- Born: 17 November 1936 (age 89) Mukden, Manchukuo (present day Shenyang, China)
- Occupation: Actor
- Years active: 1955–present

= Hisashi Igawa =

Japanese actor (born 1936)

Hisashi Igawa (井川比佐志; born 17 November 1936) is a Japanese actor who has appeared in such films as Akira Kurosawa's Dodesukaden, Ran and Madadayo. He starred in Abe Kōbō's production of The Man Who Turned Into A Stick, a surrealist play, in 1969.

==Selected filmography==

===Film===

| Year | Film | Role | Notes | Ref. |
| 1962 | Harakiri | Retainer |  |  |
| Pitfall | A miner | Lead role |  |
| 1966 | The Face of Another | Man with Mole |  |  |
| Zatoichi's Pilgrimage | Eigoro |  |  |
| 1969 | Goyokin | Takeuchi Shinjiro |  |  |
| 1970 | Where Spring Comes Late | Seiichi Kazami |  |  |
| Dodes'ka-den | Masuo Masuda |  |  |
| Tora-san's Runaway | Tsuyoshi Kimura |  |  |
| 1972 | Summer Soldiers |  |  |
| 1975 | The Fossil | Funazu |  |  |
| The Gate of Youth | Park |  |
| 1976 | Fumō Chitai |  |  |  |
| 1977 | The Far Road |  |  |  |
| 1978 | Double Suicide of Sonezaki |  |  |  |
| 1979 | Gassan | Iwazo |  |  |
| 1985 | Ran | Shuri Kurogane |  |  |
| Tampopo | Running Man |  |  |
| 1986 | Lost in the Wilderness | Osamu Uemura |  |  |
| 1987 | Hachiko Monogatari | Maekawa |  |  |
| 1988 | Tokyo: The Last Megalopolis | Ryokichi Tagami |  |  |
| 1990 | Dreams | Nuclear Plant Worker |  |  |
| Boiling Point | Otomo |  |  |
| 1991 | Rhapsody in August | Tadao |  |  |
| 1992 | Luminous Moss | prosecutor |  |  |
| 1993 | Madadayo | Takayama |  |  |
| 1998 | Bullet Ballet | Kudo |  |  |
| 2000 | After the Rain | Kihei Ishiyama |  |  |
| 2002 | Letters from the Mountains |  |  |  |
| 2004 | Half a Confession | Keiichi Fujibayashi |  |  |
| 2005 | Yamato | The Chairman |  |  |
| 2006 | The Professor's Beloved Equation | Housekeeper Agent |  |  |
| 2009 | Mt.

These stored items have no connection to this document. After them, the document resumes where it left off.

lemma ereal_mean_le_mean_subsets:
  fixes a :: "'a \<Rightarrow> ereal" and b :: "'a set \<Rightarrow> ereal"
  assumes "finite A" "1 \<le> k" "k \<le> card A"
    and a: "\<And>i. i \<in> A \<Longrightarrow> a i \<noteq> -\<infinity>"
    and b: "\<And>S. S \<subseteq> A \<Longrightarrow> b S \<noteq> -\<infinity>"
    and ab: "\<And>S i. S \<subseteq> A \<Longrightarrow> card S = k \<Longrightarrow> i \<in> S \<Longrightarrow> a i \<le> b S"
  shows "ereal (1 / card A) * sum a A
    \<le> ereal (1 / (card A choose k)) * (\<Sum>S | S \<subseteq> A \<and> card S = k. b S)"
proof -
  let ?F = "{S. S \<subseteq> A \<and> card S = k}"
  have "finite ?F" using assms(1) by (simp add: finite_Collect_subsets)
  have C_pos: "0 < real (card A choose k)" using assms(3) by simp
  show ?thesis
  proof (cases "\<exists>S\<in>?F. b S = \<infinity>")
    case True
    then have "(\<Sum>S\<in>?F. b S) = \<infinity>" using \<open>finite ?F\<close> by (simp add: sum_Pinfty)
    then show ?thesis using C_pos by simp
  next
    case False
    then have b_real: "b S = ereal (real_of_ereal (b S))" if "S \<in> ?F" for S
      using b[of S] that by (cases "b S") auto
    have a_real: "a i = ereal (real_of_ereal (a i))" if i: "i \<in> A" for i
    proof -
      have "card {S. S \<subseteq> A \<and> card S = k \<and> i \<in> S} \<noteq> 0"
        using card_subsets_containing[OF assms(1) i assms(2)] assms(2,3) by simp
      then obtain S where S: "S \<in> ?F" "i \<in> S"
        by (metis (mono_tags, lifting) card.empty empty_Collect_eq mem_Collect_eq)
      then have "a i \<le> ereal (real_of_ereal (b S))" using ab b_real by auto
      then show ?thesis using a[OF i] by (cases "a i") auto
    qed
    have "(\<Sum>i\<in>A. real_of_ereal (a i)) / card A
        \<le> (\<Sum>S\<in>?F. real_of_ereal (b S)) / (card A choose k)"
    proof (rule mean_le_mean_subsets[OF assms(1-3)])
      fix S i assume S: "S \<subseteq> A" "card S = k" "i \<in> S"
      then have "ereal (real_of_ereal (a i)) \<le> ereal (real_of_ereal (b S))"
        using ab[OF S] a_real[of i] b_real[of S] by auto
      then show "real_of_ereal (a i) \<le> real_of_ereal (b S)" by simp
    qed
    moreover have "sum a A = ereal (\<Sum>i\<in>A. real_of_ereal (a i))"
      unfolding sum_ereal[symmetric] using a_real by (rule sum.cong[OF refl])
    moreover have "(\<Sum>S\<in>?F. b S) = ereal (\<Sum>S\<in>?F. real_of_ereal (b S))"
      unfolding sum_ereal[symmetric] using b_real by (rule sum.cong[OF refl])
    ultimately show ?thesis by (simp add: mult.commute)
  qed
qed
(* Let $X$ be a Banach space with a transfinite basis $(x_\alpha)_{\alpha<\gamma}$ such that for all disjoint intervals $I,J$ of $\gamma$ the spaces $X_I$ and $X_J$ are totally incomparable. Then for every closed infinite-dimensional subspace $Y$ of $X$ and every $\varepsilon>0$ there exist normalized sequences $(y_n)_n$ and $(z_n)_n$ such that $(y_n)_n\subseteq Y$, $(z_n)_n$ is a block sequence of $(x_\alpha)_{\alpha<\gamma}$, and $\sum_n\|y_n-z_n\|<\varepsilon$.
   Context: A family $(x_\alpha)_{\alpha<\gamma}$ in a Banach space $X$ is a transfinite basis if its closed linear span is $X$ and there is $C\ge1$ such that for every interval $I$ of $\gamma$ the map $\sum_{\alpha}\lambda_\alpha x_\alpha\mapsto\sum_{\alpha\in I}\lambda_\alpha x_\alpha$ (on finite sums) extends to a bounded projection $P_I$ of norm at most $C$. $X_I=\overline{\langle x_\alpha\rangle_{\alpha\in I}}$. A block sequence of $(x_\alpha)$ is a sequence of finitely supported vectors (with respect to the biorthogonal functionals) with $\max\mathrm{supp}\,z_n<\min\mathrm{supp}\,z_{n+1}$. Two Banach spaces are totally incomparable if no infinite-dimensional closed subspace of one is isomorphic to an infinite-dimensional closed subspace of the other. *)

theory Defs
  imports "HOL-Analysis.Analysis"
begin

text \<open>Intervals of the well-ordered index set (the ordinal gamma is represented by a
  well-ordered index type 'i; an interval is an order-convex subset).\<close>
definition is_interval_wo :: "'i::wellorder set \<Rightarrow> bool" where
  "is_interval_wo I \<longleftrightarrow> (\<forall>a b c. a \<in> I \<longrightarrow> c \<in> I \<longrightarrow> a \<le> b \<longrightarrow> b \<le> c \<longrightarrow> b \<in> I)"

Tsurugidake | Nagamaru Saeki |  |  |
| 2010 | Villain |  |  |  |
| 2015 | Have a Song on Your Lips |  |  |  |
| 2022 | The Pass: Last Days of the Samurai |  |  |  |

===Television===

| Year | Title | Role | Notes | Ref. |
|---|---|---|---|---|
| 1983 | Tokugawa Ieyasu | Okuhara Shinjūrō | Taiga drama |  |

==Honours==
- Medal with Purple Ribbon (2002)
- Order of the Rising Sun, 4th Class, Gold Rays with Rosette (2008)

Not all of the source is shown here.